## THE RECORDS
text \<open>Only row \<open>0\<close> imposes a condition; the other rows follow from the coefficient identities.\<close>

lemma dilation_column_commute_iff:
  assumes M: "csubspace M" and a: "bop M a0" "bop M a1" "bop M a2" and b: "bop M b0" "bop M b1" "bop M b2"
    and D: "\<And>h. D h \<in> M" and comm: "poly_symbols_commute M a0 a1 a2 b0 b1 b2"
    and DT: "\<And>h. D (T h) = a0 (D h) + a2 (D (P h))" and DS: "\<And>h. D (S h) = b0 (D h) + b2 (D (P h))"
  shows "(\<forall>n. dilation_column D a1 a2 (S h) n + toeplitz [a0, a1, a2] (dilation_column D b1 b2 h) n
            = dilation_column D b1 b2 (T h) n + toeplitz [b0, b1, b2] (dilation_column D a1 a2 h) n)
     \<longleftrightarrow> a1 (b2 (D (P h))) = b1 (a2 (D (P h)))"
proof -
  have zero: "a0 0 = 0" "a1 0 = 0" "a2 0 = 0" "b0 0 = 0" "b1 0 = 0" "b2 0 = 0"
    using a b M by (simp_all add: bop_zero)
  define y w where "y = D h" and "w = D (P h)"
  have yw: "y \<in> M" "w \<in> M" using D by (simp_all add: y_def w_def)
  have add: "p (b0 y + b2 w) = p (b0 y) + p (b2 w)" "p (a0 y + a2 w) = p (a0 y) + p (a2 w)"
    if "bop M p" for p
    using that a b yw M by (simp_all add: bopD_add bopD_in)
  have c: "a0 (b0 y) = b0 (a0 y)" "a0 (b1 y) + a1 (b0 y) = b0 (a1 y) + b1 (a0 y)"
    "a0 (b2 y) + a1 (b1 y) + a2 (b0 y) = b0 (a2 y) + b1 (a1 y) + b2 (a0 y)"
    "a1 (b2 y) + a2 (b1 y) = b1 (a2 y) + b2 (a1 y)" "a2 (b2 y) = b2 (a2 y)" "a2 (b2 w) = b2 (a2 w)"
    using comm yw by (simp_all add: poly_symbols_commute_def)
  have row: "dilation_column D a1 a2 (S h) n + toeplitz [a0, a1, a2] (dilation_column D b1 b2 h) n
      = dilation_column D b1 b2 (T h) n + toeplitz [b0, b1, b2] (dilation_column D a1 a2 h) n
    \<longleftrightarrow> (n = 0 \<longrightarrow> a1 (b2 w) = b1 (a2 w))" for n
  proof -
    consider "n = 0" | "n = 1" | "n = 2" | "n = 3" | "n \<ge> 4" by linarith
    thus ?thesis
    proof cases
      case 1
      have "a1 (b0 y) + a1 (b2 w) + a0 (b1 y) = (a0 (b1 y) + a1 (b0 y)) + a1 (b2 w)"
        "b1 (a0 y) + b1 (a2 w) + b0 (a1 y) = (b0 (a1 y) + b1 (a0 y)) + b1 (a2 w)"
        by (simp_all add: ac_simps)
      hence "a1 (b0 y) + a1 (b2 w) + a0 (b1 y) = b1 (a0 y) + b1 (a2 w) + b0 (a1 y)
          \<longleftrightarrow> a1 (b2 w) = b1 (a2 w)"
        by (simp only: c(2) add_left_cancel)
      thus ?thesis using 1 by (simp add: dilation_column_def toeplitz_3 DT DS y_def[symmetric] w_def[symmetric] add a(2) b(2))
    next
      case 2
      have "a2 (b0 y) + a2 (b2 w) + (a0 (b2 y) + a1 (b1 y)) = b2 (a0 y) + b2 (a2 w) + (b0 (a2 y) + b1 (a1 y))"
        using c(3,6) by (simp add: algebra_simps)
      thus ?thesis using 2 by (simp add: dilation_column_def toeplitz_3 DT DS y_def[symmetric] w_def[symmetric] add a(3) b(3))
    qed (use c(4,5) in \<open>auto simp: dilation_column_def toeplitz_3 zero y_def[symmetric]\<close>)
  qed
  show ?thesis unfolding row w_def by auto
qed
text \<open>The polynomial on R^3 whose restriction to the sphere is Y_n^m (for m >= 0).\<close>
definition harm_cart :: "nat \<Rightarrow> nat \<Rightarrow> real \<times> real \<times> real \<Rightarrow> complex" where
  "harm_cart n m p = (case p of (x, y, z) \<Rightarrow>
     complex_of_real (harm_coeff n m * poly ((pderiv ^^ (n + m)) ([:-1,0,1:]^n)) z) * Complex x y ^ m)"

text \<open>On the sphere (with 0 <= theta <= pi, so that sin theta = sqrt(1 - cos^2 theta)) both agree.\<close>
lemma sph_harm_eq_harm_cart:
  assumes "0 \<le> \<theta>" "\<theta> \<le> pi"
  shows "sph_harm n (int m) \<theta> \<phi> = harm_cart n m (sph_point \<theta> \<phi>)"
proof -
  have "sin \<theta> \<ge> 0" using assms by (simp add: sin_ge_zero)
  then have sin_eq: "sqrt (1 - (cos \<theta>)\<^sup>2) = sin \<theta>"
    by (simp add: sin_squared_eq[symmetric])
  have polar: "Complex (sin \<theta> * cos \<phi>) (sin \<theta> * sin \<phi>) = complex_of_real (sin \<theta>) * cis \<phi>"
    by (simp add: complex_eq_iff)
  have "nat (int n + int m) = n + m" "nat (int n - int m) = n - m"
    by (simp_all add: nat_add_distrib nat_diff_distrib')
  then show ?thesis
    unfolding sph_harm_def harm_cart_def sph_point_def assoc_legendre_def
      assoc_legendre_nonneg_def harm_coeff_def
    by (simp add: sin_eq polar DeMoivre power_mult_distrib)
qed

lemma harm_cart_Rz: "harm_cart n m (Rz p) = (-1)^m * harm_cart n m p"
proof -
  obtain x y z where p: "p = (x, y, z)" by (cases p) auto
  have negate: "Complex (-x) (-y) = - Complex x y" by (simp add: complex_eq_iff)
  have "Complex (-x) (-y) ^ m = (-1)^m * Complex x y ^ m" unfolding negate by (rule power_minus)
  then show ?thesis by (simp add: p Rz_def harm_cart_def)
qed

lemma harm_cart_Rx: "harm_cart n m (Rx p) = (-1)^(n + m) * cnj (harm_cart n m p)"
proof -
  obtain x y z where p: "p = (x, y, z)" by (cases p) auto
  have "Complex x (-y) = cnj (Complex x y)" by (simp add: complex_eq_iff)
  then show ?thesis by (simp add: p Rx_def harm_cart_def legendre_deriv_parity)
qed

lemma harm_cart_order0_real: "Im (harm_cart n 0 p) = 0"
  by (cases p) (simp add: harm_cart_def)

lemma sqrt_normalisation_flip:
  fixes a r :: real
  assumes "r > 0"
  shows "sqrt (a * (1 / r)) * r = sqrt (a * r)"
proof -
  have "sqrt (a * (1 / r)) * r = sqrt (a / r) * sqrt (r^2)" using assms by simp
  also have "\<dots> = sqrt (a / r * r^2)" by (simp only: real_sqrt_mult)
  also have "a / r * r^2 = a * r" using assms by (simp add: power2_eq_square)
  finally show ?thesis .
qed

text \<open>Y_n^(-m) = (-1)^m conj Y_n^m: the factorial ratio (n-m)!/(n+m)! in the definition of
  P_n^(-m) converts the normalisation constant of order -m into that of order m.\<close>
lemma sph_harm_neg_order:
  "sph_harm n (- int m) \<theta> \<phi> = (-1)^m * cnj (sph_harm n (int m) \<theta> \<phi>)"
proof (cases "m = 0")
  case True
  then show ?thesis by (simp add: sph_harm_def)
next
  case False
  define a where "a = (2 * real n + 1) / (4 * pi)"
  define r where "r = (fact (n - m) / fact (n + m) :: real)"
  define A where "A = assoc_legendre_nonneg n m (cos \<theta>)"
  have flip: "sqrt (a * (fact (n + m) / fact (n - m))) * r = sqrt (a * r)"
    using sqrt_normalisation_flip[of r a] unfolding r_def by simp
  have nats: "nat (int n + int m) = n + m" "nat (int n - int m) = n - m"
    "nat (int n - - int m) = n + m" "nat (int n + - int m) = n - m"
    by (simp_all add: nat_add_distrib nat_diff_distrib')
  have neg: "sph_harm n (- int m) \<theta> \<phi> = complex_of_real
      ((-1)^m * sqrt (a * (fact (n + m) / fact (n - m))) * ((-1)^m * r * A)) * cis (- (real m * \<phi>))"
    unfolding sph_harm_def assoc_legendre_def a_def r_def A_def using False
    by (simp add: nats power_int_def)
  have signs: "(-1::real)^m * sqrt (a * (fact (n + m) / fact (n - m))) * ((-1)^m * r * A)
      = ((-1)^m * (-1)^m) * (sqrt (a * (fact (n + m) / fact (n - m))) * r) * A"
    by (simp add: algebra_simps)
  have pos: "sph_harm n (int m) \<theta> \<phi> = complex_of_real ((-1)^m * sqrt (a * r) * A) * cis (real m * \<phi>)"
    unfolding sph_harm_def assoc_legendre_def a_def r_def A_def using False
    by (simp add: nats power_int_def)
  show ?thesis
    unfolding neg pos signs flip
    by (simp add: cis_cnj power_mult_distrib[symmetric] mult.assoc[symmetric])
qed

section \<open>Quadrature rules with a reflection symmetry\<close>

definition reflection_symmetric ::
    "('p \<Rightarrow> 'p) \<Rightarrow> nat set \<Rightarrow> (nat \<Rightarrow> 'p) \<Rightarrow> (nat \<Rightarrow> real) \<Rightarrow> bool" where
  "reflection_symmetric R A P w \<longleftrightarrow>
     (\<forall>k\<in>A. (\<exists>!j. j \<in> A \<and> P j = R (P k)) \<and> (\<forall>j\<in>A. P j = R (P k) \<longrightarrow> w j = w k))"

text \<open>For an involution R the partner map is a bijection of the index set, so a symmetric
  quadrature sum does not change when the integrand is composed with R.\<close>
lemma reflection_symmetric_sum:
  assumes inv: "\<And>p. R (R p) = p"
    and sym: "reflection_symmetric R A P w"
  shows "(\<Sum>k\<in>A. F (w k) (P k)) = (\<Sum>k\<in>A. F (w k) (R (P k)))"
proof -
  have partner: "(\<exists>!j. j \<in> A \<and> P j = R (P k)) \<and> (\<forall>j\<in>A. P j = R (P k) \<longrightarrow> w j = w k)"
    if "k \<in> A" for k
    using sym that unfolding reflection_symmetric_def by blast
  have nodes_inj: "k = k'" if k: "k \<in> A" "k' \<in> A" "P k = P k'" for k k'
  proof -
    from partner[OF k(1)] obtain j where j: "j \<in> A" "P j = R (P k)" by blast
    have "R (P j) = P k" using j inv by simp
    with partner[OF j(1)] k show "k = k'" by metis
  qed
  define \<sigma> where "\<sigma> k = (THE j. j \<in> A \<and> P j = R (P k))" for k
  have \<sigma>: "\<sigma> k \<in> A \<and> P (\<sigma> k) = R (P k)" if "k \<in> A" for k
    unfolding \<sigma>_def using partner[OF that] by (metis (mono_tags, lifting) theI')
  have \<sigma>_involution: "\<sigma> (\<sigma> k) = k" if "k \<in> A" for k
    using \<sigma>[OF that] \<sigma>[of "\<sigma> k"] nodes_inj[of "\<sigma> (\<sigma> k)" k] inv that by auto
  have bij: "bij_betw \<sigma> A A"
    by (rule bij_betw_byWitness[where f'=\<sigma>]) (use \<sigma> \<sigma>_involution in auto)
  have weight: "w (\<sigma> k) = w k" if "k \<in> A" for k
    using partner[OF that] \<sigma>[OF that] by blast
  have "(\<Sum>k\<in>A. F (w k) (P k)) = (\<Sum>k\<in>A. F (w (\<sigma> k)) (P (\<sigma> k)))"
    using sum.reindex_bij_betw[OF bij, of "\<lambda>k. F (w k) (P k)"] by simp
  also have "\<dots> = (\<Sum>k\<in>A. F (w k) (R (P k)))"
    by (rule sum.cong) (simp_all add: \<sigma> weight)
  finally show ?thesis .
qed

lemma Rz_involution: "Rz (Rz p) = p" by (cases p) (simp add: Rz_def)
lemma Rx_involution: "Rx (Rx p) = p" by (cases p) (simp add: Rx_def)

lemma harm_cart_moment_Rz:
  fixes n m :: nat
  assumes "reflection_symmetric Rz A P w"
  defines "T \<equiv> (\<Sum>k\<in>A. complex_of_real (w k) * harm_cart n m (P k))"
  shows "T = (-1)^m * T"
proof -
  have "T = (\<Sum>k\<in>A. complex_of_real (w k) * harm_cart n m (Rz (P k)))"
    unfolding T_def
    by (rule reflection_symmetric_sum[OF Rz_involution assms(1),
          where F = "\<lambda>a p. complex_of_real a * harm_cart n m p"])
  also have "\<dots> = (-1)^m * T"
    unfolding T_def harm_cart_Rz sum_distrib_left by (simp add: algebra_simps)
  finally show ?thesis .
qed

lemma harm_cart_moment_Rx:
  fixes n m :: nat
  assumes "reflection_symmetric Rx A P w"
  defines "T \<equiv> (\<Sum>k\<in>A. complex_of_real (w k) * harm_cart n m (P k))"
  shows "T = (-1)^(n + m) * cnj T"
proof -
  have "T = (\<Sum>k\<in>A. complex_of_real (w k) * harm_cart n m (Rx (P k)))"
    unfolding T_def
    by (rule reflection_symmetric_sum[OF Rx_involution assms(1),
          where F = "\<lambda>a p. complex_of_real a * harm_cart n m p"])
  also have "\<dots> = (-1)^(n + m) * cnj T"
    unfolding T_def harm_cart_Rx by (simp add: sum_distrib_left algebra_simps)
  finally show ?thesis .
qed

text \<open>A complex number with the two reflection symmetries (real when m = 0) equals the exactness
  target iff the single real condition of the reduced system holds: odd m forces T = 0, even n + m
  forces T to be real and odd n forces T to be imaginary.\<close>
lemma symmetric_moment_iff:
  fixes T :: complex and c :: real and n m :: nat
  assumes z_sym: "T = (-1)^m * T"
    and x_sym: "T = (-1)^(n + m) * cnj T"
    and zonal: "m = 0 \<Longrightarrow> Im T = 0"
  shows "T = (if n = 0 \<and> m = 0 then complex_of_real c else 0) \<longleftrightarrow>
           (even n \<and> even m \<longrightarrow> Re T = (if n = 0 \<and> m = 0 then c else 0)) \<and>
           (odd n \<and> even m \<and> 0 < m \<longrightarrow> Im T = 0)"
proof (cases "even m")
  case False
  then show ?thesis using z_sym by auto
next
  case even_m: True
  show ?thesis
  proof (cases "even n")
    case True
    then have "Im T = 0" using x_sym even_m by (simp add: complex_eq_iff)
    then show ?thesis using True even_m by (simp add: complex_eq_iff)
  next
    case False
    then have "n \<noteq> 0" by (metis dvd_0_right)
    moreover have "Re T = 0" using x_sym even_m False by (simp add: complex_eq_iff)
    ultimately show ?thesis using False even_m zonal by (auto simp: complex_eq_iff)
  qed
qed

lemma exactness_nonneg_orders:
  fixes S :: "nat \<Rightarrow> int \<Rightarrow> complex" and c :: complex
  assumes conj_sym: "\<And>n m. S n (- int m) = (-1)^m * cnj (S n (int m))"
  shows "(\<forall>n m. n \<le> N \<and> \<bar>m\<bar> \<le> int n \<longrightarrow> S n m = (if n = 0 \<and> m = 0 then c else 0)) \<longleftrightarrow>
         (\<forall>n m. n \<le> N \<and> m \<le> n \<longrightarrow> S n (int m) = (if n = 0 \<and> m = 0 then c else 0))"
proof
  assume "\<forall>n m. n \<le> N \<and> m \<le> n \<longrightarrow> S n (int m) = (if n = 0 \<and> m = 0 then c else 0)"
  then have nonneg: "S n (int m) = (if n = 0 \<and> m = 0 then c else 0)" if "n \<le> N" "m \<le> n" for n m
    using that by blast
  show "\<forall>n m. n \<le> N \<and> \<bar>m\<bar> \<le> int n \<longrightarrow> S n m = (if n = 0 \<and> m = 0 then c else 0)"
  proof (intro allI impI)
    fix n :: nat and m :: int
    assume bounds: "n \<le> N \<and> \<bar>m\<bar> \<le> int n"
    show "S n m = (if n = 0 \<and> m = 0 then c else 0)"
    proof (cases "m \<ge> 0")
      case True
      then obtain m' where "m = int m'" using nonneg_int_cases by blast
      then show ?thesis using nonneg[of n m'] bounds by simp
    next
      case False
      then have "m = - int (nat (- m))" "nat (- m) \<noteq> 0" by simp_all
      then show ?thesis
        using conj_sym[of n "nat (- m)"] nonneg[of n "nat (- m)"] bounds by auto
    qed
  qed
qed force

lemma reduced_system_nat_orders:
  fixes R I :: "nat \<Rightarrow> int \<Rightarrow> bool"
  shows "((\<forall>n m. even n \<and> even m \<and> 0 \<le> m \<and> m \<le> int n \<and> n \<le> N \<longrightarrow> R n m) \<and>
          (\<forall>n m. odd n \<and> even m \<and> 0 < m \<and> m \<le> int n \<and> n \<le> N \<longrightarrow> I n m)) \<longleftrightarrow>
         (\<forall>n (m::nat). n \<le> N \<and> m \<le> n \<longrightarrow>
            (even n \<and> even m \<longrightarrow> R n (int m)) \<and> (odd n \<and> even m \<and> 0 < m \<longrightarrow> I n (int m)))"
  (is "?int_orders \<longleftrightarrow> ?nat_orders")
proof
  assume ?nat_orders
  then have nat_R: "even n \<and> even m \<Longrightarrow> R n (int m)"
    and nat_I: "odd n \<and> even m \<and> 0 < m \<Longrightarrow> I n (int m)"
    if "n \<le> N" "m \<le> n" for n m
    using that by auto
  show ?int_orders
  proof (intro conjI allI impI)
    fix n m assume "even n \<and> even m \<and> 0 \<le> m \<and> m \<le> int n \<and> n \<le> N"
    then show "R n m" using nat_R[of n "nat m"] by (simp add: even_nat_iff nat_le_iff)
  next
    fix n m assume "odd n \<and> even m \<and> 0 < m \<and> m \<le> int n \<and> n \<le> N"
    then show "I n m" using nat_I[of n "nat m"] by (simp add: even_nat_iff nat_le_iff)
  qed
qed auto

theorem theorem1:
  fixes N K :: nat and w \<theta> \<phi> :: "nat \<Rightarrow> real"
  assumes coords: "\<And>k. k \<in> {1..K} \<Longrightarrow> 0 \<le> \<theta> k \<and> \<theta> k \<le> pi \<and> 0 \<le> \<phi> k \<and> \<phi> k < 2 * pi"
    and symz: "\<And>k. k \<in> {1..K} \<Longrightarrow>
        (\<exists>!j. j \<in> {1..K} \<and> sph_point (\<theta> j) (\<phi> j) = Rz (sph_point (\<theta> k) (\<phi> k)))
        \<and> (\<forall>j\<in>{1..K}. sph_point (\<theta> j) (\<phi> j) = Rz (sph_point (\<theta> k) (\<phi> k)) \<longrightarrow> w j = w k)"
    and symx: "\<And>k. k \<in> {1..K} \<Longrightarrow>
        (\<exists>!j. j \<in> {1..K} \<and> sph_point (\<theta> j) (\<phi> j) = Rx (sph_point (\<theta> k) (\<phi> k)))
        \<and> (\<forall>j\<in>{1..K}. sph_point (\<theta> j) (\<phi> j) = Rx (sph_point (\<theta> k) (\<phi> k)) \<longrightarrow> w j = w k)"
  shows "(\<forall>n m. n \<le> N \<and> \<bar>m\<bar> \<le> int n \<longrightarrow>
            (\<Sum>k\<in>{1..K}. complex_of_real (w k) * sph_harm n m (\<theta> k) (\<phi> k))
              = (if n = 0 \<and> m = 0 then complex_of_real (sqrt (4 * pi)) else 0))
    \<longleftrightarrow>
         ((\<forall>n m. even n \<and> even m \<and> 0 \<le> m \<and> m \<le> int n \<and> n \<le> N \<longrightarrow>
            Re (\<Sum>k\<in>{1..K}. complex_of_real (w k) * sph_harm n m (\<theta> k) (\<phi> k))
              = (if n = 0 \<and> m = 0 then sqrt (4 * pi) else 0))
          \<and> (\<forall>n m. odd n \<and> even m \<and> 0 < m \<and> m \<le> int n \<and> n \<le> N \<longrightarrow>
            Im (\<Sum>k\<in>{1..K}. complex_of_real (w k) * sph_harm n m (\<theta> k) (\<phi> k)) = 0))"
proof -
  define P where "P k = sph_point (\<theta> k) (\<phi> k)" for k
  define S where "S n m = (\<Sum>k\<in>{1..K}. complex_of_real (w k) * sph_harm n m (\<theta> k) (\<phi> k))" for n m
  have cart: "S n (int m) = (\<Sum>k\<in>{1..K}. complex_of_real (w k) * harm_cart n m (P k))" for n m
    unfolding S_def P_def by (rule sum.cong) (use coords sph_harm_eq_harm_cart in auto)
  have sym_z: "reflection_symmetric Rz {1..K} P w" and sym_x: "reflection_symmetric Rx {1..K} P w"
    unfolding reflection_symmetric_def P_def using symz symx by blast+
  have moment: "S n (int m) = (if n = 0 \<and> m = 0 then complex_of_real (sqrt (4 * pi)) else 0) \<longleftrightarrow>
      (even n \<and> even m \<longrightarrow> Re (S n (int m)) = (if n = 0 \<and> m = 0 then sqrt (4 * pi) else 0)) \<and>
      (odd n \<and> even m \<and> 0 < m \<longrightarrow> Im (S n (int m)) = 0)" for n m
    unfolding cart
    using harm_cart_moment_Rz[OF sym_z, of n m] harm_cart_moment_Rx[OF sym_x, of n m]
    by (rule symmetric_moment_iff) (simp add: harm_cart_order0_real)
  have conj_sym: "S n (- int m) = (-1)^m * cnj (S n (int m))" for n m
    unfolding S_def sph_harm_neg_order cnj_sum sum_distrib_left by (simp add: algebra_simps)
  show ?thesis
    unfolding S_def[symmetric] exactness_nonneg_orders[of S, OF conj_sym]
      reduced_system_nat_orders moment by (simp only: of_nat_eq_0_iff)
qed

## WHAT TO PRODUCE
The string "thus" shows up in some lines of the listing. Copy each such line.

## SOLUTION TO THE EXERCISE
    thus ?thesis
      thus ?thesis using 1 by (simp add: dilation_column_def toeplitz_3 DT DS y_def[symmetric] w_def[symmetric] add a(2) b(2))
      thus ?thesis using 2 by (simp add: dilation_column_def toeplitz_3 DT DS y_def[symmetric] w_def[symmetric] add a(3) b(3))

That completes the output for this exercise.